Princess Haya and WFP chief call for more to be done for suffering Lebanese

Published on 08 April 2006

Her Royal Highness Princess Haya Bint Al Hussein, WFP Goodwill Ambassador, today joined James Morris, WFP Executive Director, on a one-day visit to Lebanese refugees in Syria.

Her Royal Highness Princess Haya Bint Al Hussein, WFP Goodwill Ambassador, today joined James Morris, WFP Executive Director, on a one-day visit to Lebanese refugees in Syria. Together they urged increased assistance in alleviating the suffering on both sides of the border.

Peace must be restored so that we can help these survivors return home to rebuild their lives

James Morris, WFP Executive Director

“Politicians must stand up together to put an end to this senseless conflict by making humanity the priority,” said Princess Haya.

“This would be by allowing food to reach the source of the problem without interference, and by allowing us to distribute the food to make our children’s lives bearable and to give them some of that hope they desperately need right now."


"With every day that the fighting continues, we are going to see more misery and more displaced people fleeing across the border. We have to do everything we can to ease their suffering and to ensure that hunger does not make their plight even worse," said Morris, who arrived late last night on his first official visit to Syria.

Morris said that overnight bombing of the highway north from Beirut to the Syrian border had cut the road in at least three places, effectively severing a vital humanitarian lifeline between Lebanon and the outside world.

As a result, today WFP has postponed its planned supply convoy from the humanitarian hub in Arida, Syria.

Vital supply route

“The destruction of this vital supply route has serious repercussions for the overall relief effort in Lebanon,” Morris said.

WFP-managed convoys have been making regular deliveries of humanitarian staff and cargo over the border from Arida, which was one of the few safe crossing points still open to traffic between the two countries. Over the past few days, thousands of refugees have been flooding over the border to escape the fighting.


Morris expressed concern that so far, WFP had only been able to reach less than half the people in southern Lebanon requiring food assistance.

Today, only one of the two planned convoys managed to proceed (to Jezzine) due to overnight bombardment in the suburbs of South Beirut. The convoy planned for Tyre and Rashidiyeh did not go ahead as the truck drivers were unable to leave their apartments.

WFP flights

The hampering of road deliveries makes the start of WFP flights today directly into Beirut even more important.

This morning, 10 tons of WFP high energy biscuits and 2 tons of other essential supplies departed from the UN Humanitarian Depot in Brindisi, Italy aboard a C-130 Hercules aircraft, made possible by the generous offer from the Government of Portugal.

The aircraft is expected to conduct four rotations between Friday and Monday, delivering a total of 42 metric tons of WFP high-energy biscuits, four tons of medical supplies for the World Health Organisation as well as other urgently-needed relief supplies.

“We are grateful to the Syrian and Portuguese governments in lending their support to our humanitarian operation.
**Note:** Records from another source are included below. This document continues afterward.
lemma inner_eq_inner_self_imp_eq:
  fixes x w :: "'a::real_inner"
  assumes "norm x \<le> norm w" and "inner x w = inner w w"
  shows "x = w"
proof -
  have "inner x x \<le> inner w w"
    using assms(1) by (simp add: dot_square_norm power_mono)
  then have "inner (x - w) (x - w) \<le> 0"
    using assms(2) by (simp add: inner_diff inner_commute)
  then show ?thesis
    by (metis inner_gt_zero_iff linorder_not_le right_minus_eq)
qed

lemma slice_holomorphic_max_norm_imp_locally_const:
  fixes g :: "complex \<Rightarrow> quat ^'n"
  assumes I: "I \<in> qS" and U: "open U" and "z0 \<in> U"
    and g: "\<And>i. slice_holomorphic I U (\<lambda>z. g z $ i)"
    and max: "\<And>z. z \<in> U \<Longrightarrow> norm (g z) \<le> norm (g z0)"
  obtains r where "r > 0" and "ball z0 r \<subseteq> U" and "\<And>z. z \<in> ball z0 r \<Longrightarrow> g z = g z0"
proof -
  define H where
    "H z = (\<Sum>i\<in>UNIV. \<Sum>c\<in>UNIV. of_real (g z0 $ i $ c) * slice_coord I c (g z $ i))" for z
  have "H holomorphic_on U"
    unfolding H_def by (intro holomorphic_intros slice_holomorphic_imp_holomorphic_coord I U g)
  have Re_H: "Re (H z) = inner (g z) (g z0)" for z
    by (simp add: H_def inner_vec_def Re_sum mult.commute)
  obtain r where "r > 0" and "ball z0 r \<subseteq> U"
    using U \<open>z0 \<in> U\<close> open_contains_ball by blast
  have "Re (H z) \<le> Re (H z0)" if "z \<in> U" for z
  proof -
    have "Re (H z) \<le> norm (g z) * norm (g z0)"
      unfolding Re_H by (rule norm_cauchy_schwarz)
    also have "\<dots> \<le> Re (H z0)"
      using max[OF that] by (simp add: Re_H mult_right_mono dot_square_norm power2_eq_square)
    finally show ?thesis .
  qed
  then have Re_H_const: "Re (H z) = Re (H z0)" if "z \<in> ball z0 r" for z
    using \<open>H holomorphic_on U\<close> \<open>ball z0 r \<subseteq> U\<close> \<open>r > 0\<close> that
    by (intro holomorphic_Re_maximum_imp_const[where S = "ball z0 r"])
      (auto intro: holomorphic_on_subset)
  have "g z = g z0" if "z \<in> ball z0 r" for z
  proof (rule inner_eq_inner_self_imp_eq)
    show "norm (g z) \<le> norm (g z0)"
      using that \<open>ball z0 r \<subseteq> U\<close> max by blast
    show "inner (g z) (g z0) = inner (g z0) (g z0)"
      using Re_H_const[OF that] by (simp only: Re_H)
  qed
  with \<open>r > 0\<close> \<open>ball z0 r \<subseteq> U\<close> show ?thesis
    using that by blast
qed

lemma iterated_derivatives_vanish_where_const:
  fixes \<phi> :: "nat \<Rightarrow> 'a::real_normed_vector \<Rightarrow> 'b::real_normed_vector"
  assumes B: "open B" and const: "\<And>z. z \<in> B \<Longrightarrow> \<phi> 0 z = c"
    and deriv: "\<And>m z. z \<in> B \<Longrightarrow> ((\<lambda>t. \<phi> m (z + t *\<^sub>R v)) has_vector_derivative \<phi> (Suc m) z) (at 0)"
    and "z \<in> B" and "m \<noteq> 0"
  shows "\<phi> m z = 0"
proof -
  have next_zero: "\<phi> (Suc m) z = 0" if "\<And>z. z \<in> B \<Longrightarrow> \<phi> m z = d" and "z \<in> B" for m d z
  proof -
    have "((\<lambda>t. \<phi> m (z + t *\<^sub>R v)) has_vector_derivative 0) (at 0)"
    proof (rule has_vector_derivative_transform_within_open[OF has_vector_derivative_const])
      show "open ((\<lambda>t. z + t *\<^sub>R v) -` B)"
        using B by (intro continuous_open_vimage) (auto intro!: continuous_intros)
    qed (use that in auto)
    with deriv[OF \<open>z \<in> B\<close>] show ?thesis
      by (rule vector_derivative_unique_at)
  qed
  have "\<forall>z\<in>B. \<phi> (Suc m) z = 0" for m
    by (induction m) (auto intro: next_zero const)
  then show ?thesis
    using \<open>z \<in> B\<close> \<open>m \<noteq> 0\<close> not0_implies_Suc by blast
qed

lemma msderiv_qmatvec_vanish_where_const:
  assumes I: "I \<in> qS" and "open \<Omega>" and F: "matrix_regular \<Omega> F"
    and "open B" and B: "B \<subseteq> slice_param I -` \<Omega>"
    and const: "\<And>z. z \<in> B \<Longrightarrow> qmatvec (F (slice_param I z)) x = c"
    and "z \<in> B" and "k \<noteq> 0"
  shows "qmatvec (msderiv k F (slice_param I z)) x = 0"
proof (rule iterated_derivatives_vanish_where_const
    [where \<phi> = "\<lambda>m z. qmatvec (msderiv m F (slice_param I z)) x" and v = 1])
  show "((\<lambda>t. qmatvec (msderiv m F (slice_param I (z + t *\<^sub>R 1))) x) has_vector_derivative
      qmatvec (msderiv (Suc m) F (slice_param I z)) x) (at 0)" if "z \<in> B" for m z
    using has_vector_derivative_qmatvec_msderiv[OF I \<open>open \<Omega>\<close> F] that B
    by (auto simp: scaleR_conv_of_real slice_param_add_of_real)
qed (use assms in simp_all)

lemma norm_qmatvec_le_maximizing:
  assumes "maximizing_vector A x" and "qopnorm B \<le> qopnorm A"
  shows "norm (qmatvec B x) \<le> norm (qmatvec A x)"
proof -
  have "norm (qmatvec B x) \<le> qopnorm B * norm x"
    unfolding qopnorm_def by (rule onorm[OF bounded_linear_qmatvec])
  with assms show ?thesis
    by (simp add: maximizing_vector_def)
qed
(* Composing with the transposition of t and t' maps the permutations in which t has the
   largest image on S injectively into those in which t' has, so the card S classes have equal size. *)
lemma card_permutes_greatest_on:
  fixes A :: "'a::linorder set"
  assumes "finite A" and "S \<subseteq> A" and "c \<in> S"
  shows "card {\<sigma>. \<sigma> permutes A \<and> (\<forall>s\<in>S-{c}. \<sigma> s < \<sigma> c)} * card S = fact (card A)"
proof -
  define P where "P t = {\<sigma>. \<sigma> permutes A \<and> (\<forall>s\<in>S-{t}. \<sigma> s < \<sigma> t)}" for t
  have finS: "finite S" using assms finite_subset by blast
  have finP: "finite (P t)" for t
    unfolding P_def by (rule finite_subset[OF _ finite_permutations[OF \<open>finite A\<close>]]) auto
  have le: "card (P t) \<le> card (P t')" if "t \<in> S" "t' \<in> S" for t t'
  proof (rule card_inj_on_le[OF _ _ finP])
    define \<tau> where "\<tau> = Transposition.transpose t t'"
    show "inj_on (\<lambda>\<sigma>. \<sigma> \<circ> \<tau>) (P t)"
      by (rule inj_onI) (metis \<tau>_def comp_id swap_id_idempotent fun.map_comp)
    have \<tau>: "\<tau> permutes A" unfolding \<tau>_def using that assms by (intro permutes_swap_id) auto
    show "(\<lambda>\<sigma>. \<sigma> \<circ> \<tau>) ` P t \<subseteq> P t'"
    proof clarify
      fix \<sigma> assume \<sigma>: "\<sigma> \<in> P t"
      have "\<forall>s\<in>S-{t'}. \<sigma> (\<tau> s) < \<sigma> (\<tau> t')"
        using \<sigma> that unfolding P_def \<tau>_def by (auto simp: Transposition.transpose_def)
      then show "\<sigma> \<circ> \<tau> \<in> P t'"
        using \<sigma> permutes_compose[OF \<tau>] unfolding P_def by auto
    qed
  qed
  have cover: "{\<sigma>. \<sigma> permutes A} = (\<Union>t\<in>S. P t)"
  proof (intro equalityI subsetI)
    fix \<sigma> assume "\<sigma> \<in> {\<sigma>. \<sigma> permutes A}"
    then have \<sigma>: "\<sigma> permutes A" by simp
    obtain t where t: "t \<in> S" "\<sigma> t = Max (\<sigma> ` S)"
      using Max_in[of "\<sigma> ` S"] finS \<open>c \<in> S\<close> by fastforce
    have "\<sigma> s < \<sigma> t" if "s \<in> S - {t}" for s
      using t that finS permutes_inj[OF \<sigma>] by (metis DiffE Max_ge finite_imageI image_eqI
          inj_eq order_le_neq_trans singletonI)
    then show "\<sigma> \<in> (\<Union>t\<in>S. P t)" using t \<sigma> unfolding P_def by blast
  qed (auto simp: P_def)
  have disjoint: "P t \<inter> P t' = {}" if "t \<in> S" "t' \<in> S" "t \<noteq> t'" for t t'
    using that unfolding P_def by (auto dest: order.asym)
  have "fact (card A) = card {\<sigma>. \<sigma> permutes A}"
    by (simp add: card_permutations \<open>finite A\<close>)
  also have "\<dots> = (\<Sum>t\<in>S. card (P t))"
    unfolding cover using finS finP disjoint by (intro card_UN_disjoint) auto
  also have "\<dots> = (\<Sum>t\<in>S. card (P c))"
    using le \<open>c \<in> S\<close> by (intro sum.cong) (auto intro: order.antisym)
  finally show ?thesis unfolding P_def by simp
qed

lemma card_permutes_some_above:
  fixes A :: "'a::linorder set"
  assumes "finite A" and "T \<subseteq> A - {c}" and "c \<in> A"
  shows "real (card {\<pi>. \<pi> permutes A \<and> (\<exists>j\<in>T. inv \<pi> c < inv \<pi> j)})
    = fact (card A) * (real (card T) / (real (card T) + 1))"
proof -
  let ?Perms = "{\<pi>. \<pi> permutes A}"
  let ?Above = "{\<pi>. \<pi> permutes A \<and> (\<exists>j\<in>T. inv \<pi> c < inv \<pi> j)}"
  let ?Last = "\<lambda>\<sigma>. \<forall>s\<in>insert c T - {c}. \<sigma> s < \<sigma> c"
  have finT: "finite T" using assms finite_subset by blast
  have cT: "insert c T - {c} = T" using assms(2) by auto
  have "\<not> (\<exists>j\<in>T. inv \<pi> c < inv \<pi> j) \<longleftrightarrow> ?Last (inv \<pi>)" if \<pi>: "\<pi> permutes A" for \<pi>
  proof -
    have "inv \<pi> j \<noteq> inv \<pi> c" if "j \<in> T" for j
    proof
      assume "inv \<pi> j = inv \<pi> c"
      then have "j = c" using permutes_inverses(1)[OF \<pi>] by metis
      then show False using that assms(2) by auto
    qed
    then show ?thesis unfolding cT by (auto simp: not_less le_less)
  qed
  then have "?Perms - ?Above = {\<pi>. \<pi> permutes A \<and> ?Last (inv \<pi>)}"
    by blast
  then have "card (?Perms - ?Above) = card {\<sigma>. \<sigma> permutes A \<and> ?Last \<sigma>}"
    using card_permutes_inv_Collect[of A ?Last] by simp
  moreover have "card (insert c T) = card T + 1"
    using assms(2) finT by (subst card_insert_disjoint) auto
  ultimately have Last: "card (?Perms - ?Above) * (card T + 1) = fact (card A)"
    using card_permutes_greatest_on[OF assms(1) _ insertI1, of c T] assms(2,3) by (simp add: subset_Diff_insert)
  have "card ?Above \<le> card ?Perms" and "card (?Perms - ?Above) = card ?Perms - card ?Above"
    using finite_permutations[OF assms(1)] by (auto intro: card_mono card_Diff_subset)
  then have le: "card ?Above \<le> fact (card A)"
    and "card (?Perms - ?Above) = fact (card A) - card ?Above"
    unfolding card_permutations[OF refl assms(1)] .
  with Last have "real ((fact (card A) - card ?Above) * (card T + 1)) = fact (card A)"
    by simp
  then have "(fact (card A) - real (card ?Above)) * (real (card T) + 1) = fact (card A)"
    by (simp add: of_nat_diff[OF le]) (simp add: distrib_left)
  then show ?thesis by (simp add: field_simps)
qed
text \<open>Exchange term f: f = -(d_y u1) c1 if d_y u1 <= 0, f = -(d_y u1) c2 if d_y u1 >= 0
  (both branches agree when d_y u1 = 0).\<close>
definition tfe_f :: "(real \<Rightarrow> real \<Rightarrow> real) \<Rightarrow> (real \<Rightarrow> real \<Rightarrow> real) \<Rightarrow> real \<Rightarrow> real \<Rightarrow> real" where
  "tfe_f c1 c2 t y =
     (let uy = pdy (tfe_u1 c1 c2) t y in
      if uy \<le> 0 then - uy * c1 t y else - uy * c2 t y)"

definition tfe_solution :: "(real \<Rightarrow> real \<Rightarrow> real) \<Rightarrow> (real \<Rightarrow> real \<Rightarrow> real) \<Rightarrow> bool" where
  "tfe_solution c1 c2 \<longleftrightarrow>
     (\<forall>t\<ge>0. \<forall>y.
        (\<lambda>z. c1 t z) differentiable (at y) \<and>
        (\<lambda>z. c2 t z) differentiable (at y) \<and>
        (\<lambda>z. pdy c1 t z) differentiable (at y) \<and>
        (\<lambda>z. pdy c2 t z) differentiable (at y) \<and>
        (\<exists>D1 D2.
           ((\<lambda>s. c1 s y) has_real_derivative D1) (at t within {0..}) \<and>
           ((\<lambda>s. c2 s y) has_real_derivative D2) (at t within {0..}) \<and>
           D1 + pdy (\<lambda>s z. tfe_u1 c1 c2 s z * c1 s z) t y - pdy (pdy c1) t y
              = - tfe_f c1 c2 t y \<and>
           D2 + pdy (\<lambda>s z. - tfe_u1 c1 c2 s z * c2 s z) t y - pdy (pdy c2) t y
              = tfe_f c1 c2 t y))"

definition traveling_wave :: "real \<Rightarrow> (real \<Rightarrow> real \<times> real) \<Rightarrow> bool" where
  "traveling_wave v g \<longleftrightarrow>
     continuous_on UNIV g \<and>
     (\<exists>L. (g \<longlongrightarrow> L) at_bot) \<and> (\<exists>R. (g \<longlongrightarrow> R) at_top) \<and>
     tfe_solution (\<lambda>t y. fst (g (y - v * t))) (\<lambda>t y. snd (g (y - v * t)))"
definition connected_groupoid :: "('o, 'a) groupoid \<Rightarrow> bool" where
  "connected_groupoid G \<longleftrightarrow> groupoid G \<and> Obj G \<noteq> {} \<and>
     (\<forall>X\<in>Obj G. \<forall>Y\<in>Obj G. \<exists>g\<in>Arr G. dom G g = X \<and> cod G g = Y)"

text \<open>A groupoid morphism is a pair (object map, arrow map); it is only relevant on carriers.\<close>
type_synonym ('o1, 'a1, 'o2, 'a2) gmor = "('o1 \<Rightarrow> 'o2) \<times> ('a1 \<Rightarrow> 'a2)"

definition gmorphism :: "('o1, 'a1) groupoid \<Rightarrow> ('o2, 'a2) groupoid \<Rightarrow> ('o1, 'a1, 'o2, 'a2) gmor \<Rightarrow> bool" where
  "gmorphism G H F \<longleftrightarrow> groupoid G \<and> groupoid H \<and>
     (\<forall>X\<in>Obj G. fst F X \<in> Obj H) \<and>
     (\<forall>g\<in>Arr G. snd F g \<in> Arr H \<and> dom H (snd F g) = fst F (dom G g) \<and> cod H (snd F g) = fst F (cod G g)) \<and>
     (\<forall>g\<in>Arr G. \<forall>f\<in>Arr G. dom G g = cod G f \<longrightarrow> snd F (comp G g f) = comp H (snd F g) (snd F f)) \<and>
     (\<forall>X\<in>Obj G. snd F (ide G X) = ide H (fst F X))"

definition gcomp :: "('o2, 'a2, 'o3, 'a3) gmor \<Rightarrow> ('o1, 'a1, 'o2, 'a2) gmor \<Rightarrow> ('o1, 'a1, 'o3, 'a3) gmor" where
  "gcomp F E = (fst F \<circ> fst E, snd F \<circ> snd E)"

definition gmor_eq :: "('o1, 'a1) groupoid \<Rightarrow> ('o1, 'a1, 'o2, 'a2) gmor \<Rightarrow> ('o1, 'a1, 'o2, 'a2) gmor \<Rightarrow> bool" where
  "gmor_eq G F E \<longleftrightarrow> (\<forall>X\<in>Obj G. fst F X = fst E X) \<and> (\<forall>g\<in>Arr G. snd F g = snd E g)"

definition giso :: "('o1, 'a1) groupoid \<Rightarrow> ('o2, 'a2) groupoid \<Rightarrow> ('o1, 'a1, 'o2, 'a2) gmor \<Rightarrow> bool" where
  "giso G H F \<longleftrightarrow> gmorphism G H F \<and> bij_betw (fst F) (Obj G) (Obj H) \<and> bij_betw (snd F) (Arr G) (Arr H)"

definition covering_projection :: "('o1, 'a1) groupoid \<Rightarrow> ('o2, 'a2) groupoid \<Rightarrow> ('o1, 'a1, 'o2, 'a2) gmor \<Rightarrow> bool" where
  "covering_projection Gt G p \<longleftrightarrow> gmorphism Gt G p \<and>
     (\<forall>X\<in>Obj Gt. bij_betw (snd p) (tset Gt X) (tset G (fst p X)))"

definition connected_covering :: "('o1, 'a1) groupoid \<Rightarrow> ('o2, 'a2) groupoid \<Rightarrow> ('o1, 'a1, 'o2, 'a2) gmor \<Rightarrow> bool" where
  "connected_covering Gt G p \<longleftrightarrow> covering_projection Gt G p \<and> connected_groupoid Gt \<and> connected_groupoid G"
It is challenging work demanding our combined efforts,” said Morris.


Since starting its convoys last week (26 July), WFP has delivered a total of 280 metric tons of food into the south, enough for 80,000 people for one week.

WFP convoys carrying food and other relief items on behalf of WHO, UNDP, UNICEF, UNHCR, UNRWA and several NGOs, have been severely hampered by security and logistical problems, including damaged roads, forcing long detours over difficult terrain, as well as mechanical breakdowns.

Refugees in Syria

In Syria, WFP started on Monday (31 July) to distribute food aid to nearly 7,000 Lebanese people who have taken refuge in the capital, Damascus, over recent weeks. The agency will distribute three tons of bread each day to the beneficiaries who are living in schools or abandoned public buildings.

Current indications suggest the number of refugees needing assistance in Damascus could rise to 20,000 people in the coming days. Distributions of food aid are due to begin shortly in central and northern Syria.


WFP operations within the UN flash appeal have been budgeted at a total US$48 million, including logistical support and an emergency operation to provide food aid, valued at US$8.9 million, to respond to the immediate food needs of displaced Lebanese.

WFP is prioritising assistance to 95,000 displaced people seeking shelter in schools and public institutions in Beirut, 165,000 people in the heaviest-hit areas in southern Lebanon and 50,000 of the approximately 140,000 people in Syria who have fled the conflict. With the situation deteriorating by the day, WFP plans to expand its assistance in both Syria and Lebanon.


“I implore the international community to put a stop to the violence and cease the rhetoric. Dialogue and action is what is required now to make this region a better place for the adults of tomorrow, who have so much to give and to offer the world in return,” stressed Princess Haya.

“If we turn our backs on them, we will see our world plummeting into a vicious cycle of violence, from which there is no foreseeable positive future,” Princess Haya said.

“So many people have lost their lives in this conflict. Peace must be restored so that we can help these survivors return home to rebuild their lives,” said Morris.